What's In Blue

Posted Tue 5 Mar 2019

Syria: Chemical Weapons Consultations

Tomorrow (6 March), Security Council members will receive a briefing in consultations from the High Representative for Disarmament Affairs, Izumi Nakamitsu, on the use of chemical weapons in Syria. The meeting is expected to focus on the 1 March report of the Organization for the Prohibition of Chemical Weapons (OPCW) Fact-Finding Mission (FFM) regarding the chemical weapons attack that took place in Douma (Eastern Ghouta) on 7 April 2018.

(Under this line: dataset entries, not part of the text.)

(* Let $\Omega\subseteq\mathbb R^d$, $F$ and $\mathcal I$ be as below, and suppose the PDE $F(x,V(x),DV(x),D^2V(x),[\mathcal IV](x))=0$ on $\overline\Omega$ satisfies the comparison principle. Let $(S,\mathcal I^h)_{h>0}$ be a numerical scheme that is monotone, stable, nonlocally consistent, and satisfies the technical condition (T). For each $h>0$ let $V^h\in B(\overline\Omega)$ be a solution of the scheme, i.e. $S(h,x,V^h,[\mathcal I^hV^h](x))=0$ for all $x\in\overline\Omega$. Then, as $h\to0$, $V^h$ converges locally uniformly on $\overline\Omega$ to the unique bounded viscosity solution of the PDE.
   Context: $\mathcal S^d$ is the set of real symmetric $d\times d$ matrices; $B(\overline\Omega)$ the bounded real functions on $\overline\Omega$. $F:\overline\Omega\times\mathbb R\times\mathbb R^d\times\mathcal S^d\times\mathbb R\to\mathbb R$ is locally bounded and $\mathcal I$ maps $B(\overline\Omega)$ into real functions on $\overline\Omega$. $C^2(\overline\Omega)$ means functions that are $C^2$ on a neighbourhood of $\overline\Omega$. For a locally bounded $u$ on a metric space, $u^*(x)=\limsup_{y\to x}u(y)$ and $u_*(x)=\liminf_{y\to x}u(y)$; $F^*,F_*$ are the envelopes of $F$ in all its arguments. An upper (resp. lower) semicontinuous $V:\overline\Omega\to\mathbb R$ is a viscosity subsolution (resp. supersolution) if for every $\varphi\in C^2(\overline\Omega)$ and $x\in\overline\Omega$ at which $V-\varphi$ has a local maximum (resp. minimum) relative to $\overline\Omega$, $F_*(x,V(x),D\varphi(x),D^2\varphi(x),[\mathcal IV](x))\le0$ (resp. $F^*(\ldots)\ge0$); a viscosity solution is both. Comparison principle: whenever $U,V\in B(\overline\Omega)$ are a subsolution and supersolution, $U\le V$. A scheme is a pair of maps $S:(0,\infty)\times\overline\Omega\times B(\overline\Omega)\times\mathbb R\to\mathbb R$ and $\mathcal I^h:B(\overline\Omega)\to B(\overline\Omega)$. Monotone: $S(h,x,V,\ell)\le S(h,x,\hat V,\ell)$ whenever $V\ge\hat V$ and $V(x)=\hat V(x)$. Stable: there is $C$ with $\|V^h\|_\infty\le C$ for every solution $V^h$ of the scheme and every $h$. Half-relaxed limits of a locally bounded family $(u^h)$: $\overline u(x)=\limsup_{h\to0,y\to x}u^h(y)$, $\underline u(x)=\liminf_{h\to0,y\to x}u^h(y)$. Nonlocally consistent: for every uniformly bounded family $(u^h)_{h>0}\subset B(\overline\Omega)$, every $\varphi\in C^2(\overline\Omega)$ and $x\in\overline\Omega$, $\liminf_{h\to0,y\to x,\xi\to0}S(h,y,\varphi+\xi,[\mathcal I^hu^h](y))\ge F_*(x,\varphi(x),D\varphi(x),D^2\varphi(x),[\mathcal I\overline u](x))$ and $\limsup_{h\to0,y\to x,\xi\to0}S(h,y,\varphi+\xi,[\mathcal I^hu^h](y))\le F^*(x,\varphi(x),D\varphi(x),D^2\varphi(x),[\mathcal I\underline u](x))$ ($\xi$ ranges over real constants). (T): there is $f:(0,\infty)\times\overline\Omega\to[0,\infty)$ with $\lim_{h\to0,y\to x}f(y,h)=0$ for all $x$ and $|S(h,x,\psi,\ell)-S(h,x,\varphi,\ell)|\le f(x,h)$ for all $h,x,\ell$, $\varphi\in B(\overline\Omega)$ and $\psi=\varphi\pm e^{-1/h}\mathbf 1_{\{x\}}$. *)

theory Defs
  imports "HOL-Analysis.Analysis"
begin

type_synonym 'n pt = "real^'n"
type_synonym 'n mat = "real^'n^'n"

text \<open>Restriction of a function to a set (extended by 0): functions on the closed set
  are represented as total functions that vanish outside it.\<close>
definition ext :: "'a set \<Rightarrow> ('a \<Rightarrow> real) \<Rightarrow> 'a \<Rightarrow> real" where
  "ext A u = (\<lambda>x. if x \<in> A then u x else 0)"

definition bdd_on :: "'a set \<Rightarrow> ('a \<Rightarrow> real) \<Rightarrow> bool" where
  "bdd_on A u \<longleftrightarrow> (\<exists>M. \<forall>x\<in>A. \<bar>u x\<bar> \<le> M)"

definition grad :: "('n::finite pt \<Rightarrow> real) \<Rightarrow> 'n pt \<Rightarrow> 'n pt" where
  "grad \<phi> x = (\<chi> i. frechet_derivative \<phi> (at x) (axis i 1))"

definition hess :: "('n::finite pt \<Rightarrow> real) \<Rightarrow> 'n pt \<Rightarrow> 'n mat" where
  "hess \<phi> x = (\<chi> i j. frechet_derivative (\<lambda>y. grad \<phi> y $ i) (at x) (axis j 1))"

definition C2_nbhd :: "'n::finite pt set \<Rightarrow> ('n pt \<Rightarrow> real) \<Rightarrow> bool" where
  "C2_nbhd C \<phi> \<longleftrightarrow> (\<exists>U. open U \<and> C \<subseteq> U \<and>
      (\<forall>x\<in>U. \<phi> differentiable (at x) \<and> grad \<phi> differentiable (at x)) \<and>
      continuous_on U (hess \<phi>))"

definition usc_env :: "'a::topological_space set \<Rightarrow> ('a \<Rightarrow> real) \<Rightarrow> 'a \<Rightarrow> ereal" where
  "usc_env A u x = Limsup (inf (nhds x) (principal A)) (\<lambda>y. ereal (u y))"

definition lsc_env :: "'a::topological_space set \<Rightarrow> ('a \<Rightarrow> real) \<Rightarrow> 'a \<Rightarrow> ereal" where
  "lsc_env A u x = Liminf (inf (nhds x) (principal A)) (\<lambda>y. ereal (u y))"

definition usc_on :: "'a::topological_space set \<Rightarrow> ('a \<Rightarrow> real) \<Rightarrow> bool" where
  "usc_on A u \<longleftrightarrow> (\<forall>x\<in>A. usc_env A u x \<le> ereal (u x))"

definition lsc_on :: "'a::topological_space set \<Rightarrow> ('a \<Rightarrow> real) \<Rightarrow> bool" where
  "lsc_on A u \<longleftrightarrow> (\<forall>x\<in>A. lsc_env A u x \<ge> ereal (u x))"

definition locally_bounded_on :: "'a::metric_space set \<Rightarrow> ('a \<Rightarrow> real) \<Rightarrow> bool" where
  "locally_bounded_on A u \<longleftrightarrow>
     (\<forall>x\<in>A. \<exists>e>0. \<exists>M. \<forall>y\<in>A \<inter> ball x e. \<bar>u y\<bar> \<le> M)"

definition Sym :: "'n::finite mat set" where
  "Sym = {X. transpose X = X}"

definition Fdom :: "'n::finite pt set \<Rightarrow> ('n pt \<times> real \<times> 'n pt \<times> 'n mat \<times> real) set" where
  "Fdom \<Omega> = closure \<Omega> \<times> UNIV \<times> UNIV \<times> Sym \<times> UNIV"

definition Fun5 :: "('n::finite pt \<Rightarrow> real \<Rightarrow> 'n pt \<Rightarrow> 'n mat \<Rightarrow> real \<Rightarrow> real)
    \<Rightarrow> ('n pt \<times> real \<times> 'n pt \<times> 'n mat \<times> real) \<Rightarrow> real" where
  "Fun5 F = (\<lambda>(x, r, q, X, l). F x r q X l)"

definition Fupper where "Fupper \<Omega> F x r q X l = usc_env (Fdom \<Omega>) (Fun5 F) (x, r, q, X, l)"
definition Flower where "Flower \<Omega> F x r q X l = lsc_env (Fdom \<Omega>) (Fun5 F) (x, r, q, X, l)"

definition loc_max_rel :: "'n::finite pt set \<Rightarrow> ('n pt \<Rightarrow> real) \<Rightarrow> 'n pt \<Rightarrow> bool" where
  "loc_max_rel C w x \<longleftrightarrow> (\<exists>e>0. \<forall>y\<in>C \<inter> ball x e. w y \<le> w x)"

definition loc_min_rel :: "'n::finite pt set \<Rightarrow> ('n pt \<Rightarrow> real) \<Rightarrow> 'n pt \<Rightarrow> bool" where
  "loc_min_rel C w x \<longleftrightarrow> (\<exists>e>0. \<forall>y\<in>C \<inter> ball x e. w x \<le> w y)"

definition visc_sub where
  "visc_sub \<Omega> F I V \<longleftrightarrow> usc_on (closure \<Omega>) V \<and>
    (\<forall>\<phi> x. C2_nbhd (closure \<Omega>) \<phi> \<longrightarrow> x \<in> closure \<Omega> \<longrightarrow>
       loc_max_rel (closure \<Omega>) (\<lambda>y. V y - \<phi> y) x \<longrightarrow>
       Flower \<Omega> F x (V x) (grad \<phi> x) (hess \<phi> x) (I (ext (closure \<Omega>) V) x) \<le> 0)"

definition visc_super where
  "visc_super \<Omega> F I V \<longleftrightarrow> lsc_on (closure \<Omega>) V \<and>
    (\<forall>\<phi> x. C2_nbhd (closure \<Omega>) \<phi> \<longrightarrow> x \<in> closure \<Omega> \<longrightarrow>
       loc_min_rel (closure \<Omega>) (\<lambda>y. V y - \<phi> y) x \<longrightarrow>
       Fupper \<Omega> F x (V x) (grad \<phi> x) (hess \<phi> x) (I (ext (closure \<Omega>) V) x) \<ge> 0)"

definition visc_sol where
  "visc_sol \<Omega> F I V \<longleftrightarrow> visc_sub \<Omega> F I V \<and> visc_super \<Omega> F I V"

definition comparison_principle where
  "comparison_principle \<Omega> F I \<longleftrightarrow>
    (\<forall>U V. bdd_on (closure \<Omega>) U \<longrightarrow> bdd_on (closure \<Omega>) V \<longrightarrow>
       visc_sub \<Omega> F I U \<longrightarrow> visc_super \<Omega> F I V \<longrightarrow> (\<forall>x\<in>closure \<Omega>. U x \<le> V x))"

definition scheme_monotone where
  "scheme_monotone \<Omega> S \<longleftrightarrow>
    (\<forall>h>0. \<forall>x\<in>closure \<Omega>. \<forall>V W l. bdd_on (closure \<Omega>) V \<longrightarrow> bdd_on (closure \<Omega>) W \<longrightarrow>
       (\<forall>y\<in>closure \<Omega>. V y \<ge> W y) \<longrightarrow> V x = W x \<longrightarrow>
       S h x (ext (closure \<Omega>) V) l \<le> S h x (ext (closure \<Omega>) W) l)"

definition scheme_solution where
  "scheme_solution \<Omega> S Ih h V \<longleftrightarrow> bdd_on (closure \<Omega>) V \<and>
    (\<forall>x\<in>closure \<Omega>. S h x (ext (closure \<Omega>) V) (Ih h (ext (closure \<Omega>) V) x) = 0)"

definition scheme_stable where
  "scheme_stable \<Omega> S Ih \<longleftrightarrow>
    (\<exists>C. \<forall>h>0. \<forall>V. scheme_solution \<Omega> S Ih h V \<longrightarrow> (\<forall>x\<in>closure \<Omega>. \<bar>V x\<bar> \<le> C))"

definition hr_limsup :: "'n::finite pt set \<Rightarrow> (real \<Rightarrow> 'n pt \<Rightarrow> real) \<Rightarrow> 'n pt \<Rightarrow> ereal" where
  "hr_limsup C u x = Limsup (at_right 0 \<times>\<^sub>F inf (nhds x) (principal C))
      (\<lambda>(h, y). ereal (u h y))"

definition hr_liminf :: "'n::finite pt set \<Rightarrow> (real \<Rightarrow> 'n pt \<Rightarrow> real) \<Rightarrow> 'n pt \<Rightarrow> ereal" where
  "hr_liminf C u x = Liminf (at_right 0 \<times>\<^sub>F inf (nhds x) (principal C))
      (\<lambda>(h, y). ereal (u h y))"

definition nonlocally_consistent where
  "nonlocally_consistent \<Omega> F I S Ih \<longleftrightarrow>
    (\<forall>u \<phi> x. (\<exists>M. \<forall>h>0. \<forall>y\<in>closure \<Omega>. \<bar>u h y\<bar> \<le> M) \<longrightarrow>
       C2_nbhd (closure \<Omega>) \<phi> \<longrightarrow> x \<in> closure \<Omega> \<longrightarrow>
       (let C = closure \<Omega>;
            G = at_right 0 \<times>\<^sub>F inf (nhds x) (principal C) \<times>\<^sub>F nhds 0;
            s = (\<lambda>(h, y, \<xi>). ereal (S h y (ext C (\<lambda>z. \<phi> z + \<xi>)) (Ih h (ext C (u h)) y)))
        in Liminf G s \<ge>
             Flower \<Omega> F x (\<phi> x) (grad \<phi> x) (hess \<phi> x)
               (I (ext C (\<lambda>z. real_of_ereal (hr_limsup C u z))) x)
         \<and> Limsup G s \<le>
             Fupper \<Omega> F x (\<phi> x) (grad \<phi> x) (hess \<phi> x)
               (I (ext C (\<lambda>z. real_of_ereal (hr_liminf C u z))) x)))"

definition condition_T where
  "condition_T \<Omega> S \<longleftrightarrow>
    (\<exists>f :: 'n::finite pt \<Rightarrow> real \<Rightarrow> real.
       (\<forall>x h. x \<in> closure \<Omega> \<longrightarrow> h > 0 \<longrightarrow> f x h \<ge> 0) \<and>
       (\<forall>x\<in>closure \<Omega>. ((\<lambda>(y, h). f y h) \<longlongrightarrow> 0)
            (inf (nhds x) (principal (closure \<Omega>)) \<times>\<^sub>F at_right 0)) \<and>
       (\<forall>h>0. \<forall>x\<in>closure \<Omega>. \<forall>l \<phi>. bdd_on (closure \<Omega>) \<phi> \<longrightarrow>
          (\<forall>\<sigma>\<in>{1, -1}.
             \<bar>S h x (ext (closure \<Omega>) (\<lambda>y. \<phi> y + \<sigma> * exp (-1/h) * (if y = x then 1 else 0))) l
              - S h x (ext (closure \<Omega>) \<phi>) l\<bar> \<le> f x h)))"

end

theory Submission
  imports Defs
begin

The report concludes that the evaluation and analysis of all the information gathered by the FFM “provide reasonable grounds that the use of a toxic chemical as a weapon took place” and that “the toxic chemical was likely molecular chlorine”. Although chlorine decomposes rapidly in the environment, the gas itself or its decomposition react with a variety of other chemicals in the environment, including organic materials and metals, providing long-lasting chemical signatures of chlorine exposure. These have proven critical as the FFM team only reached Douma two weeks after the incident and did not examine the bodies of the dead, which by that time had already been buried.

The relevance of the FFM report is that it sheds light on a critical moment in the government’s offensive over rebel-held Eastern Ghouta, Syrian government divisions among Council members. In the aftermath of the attack, the US, along with France and the UK, carried out more than 100 airstrikes against Syrian military facilities that had reportedly been involved in the storage and production of chemical weapons. At the time of the 7 April incident, Russia denied that chemical weapons had been used at all and blamed Western intelligence services for having staged a provocation. The report concludes that two facilities in Douma that the Syrian government claims were used by the opposition to produce chemical weapons were not used for their manufacture

Although the FFM is not mandated to assign responsibility, the report establishes that it is possible that two yellow industrial cylinders “were the source of the substances containing reactive chlorine” that caused structural damage in two locations (one of the cylinders was found in a rooftop terrace and the other passed through the ceiling and hit the floor of a different building). The report is consistent with a 23 July 2018 OPCW interim report that concludes that while no nerve agents or their degradation products were detected, chlorinated organic chemicals had been found in samples from two locations, along with explosive residues.

Three Russian vetoes led to the termination in late 2017 of the OPCW-UN Joint Investigative Mechanism (JIM), which had been mandated to assign responsibility for the use of chemical weapons in Syria. Following the demise of the JIM, and with continuing divisions in the first half of 2018 in the Council on Syria, discussions regarding accountability for the use of chemical weapons shifted to the OPCW. In June 2018, the Conference of State Parties to the Chemical Weapons Convention mandated a new team within the OPCW to help identify those responsible for the use of chemical weapons in Syria. It is unclear if Council members will wait until the new team in The Hague issues its conclusions on the Douma attack or if it will take steps sooner to promote accountability.

As has been the case in the past, Council members are likely to express sharply contrasting positions regarding the analysis and conclusions put forward by the FFM. Another issue that is expected to feature in the discussion tomorrow is the OPCW’s longstanding concern regarding the Syrian government’s limited cooperation in addressing the gaps, inconsistencies, and discrepancies identified in the initial declaration of its chemical weapons stockpile.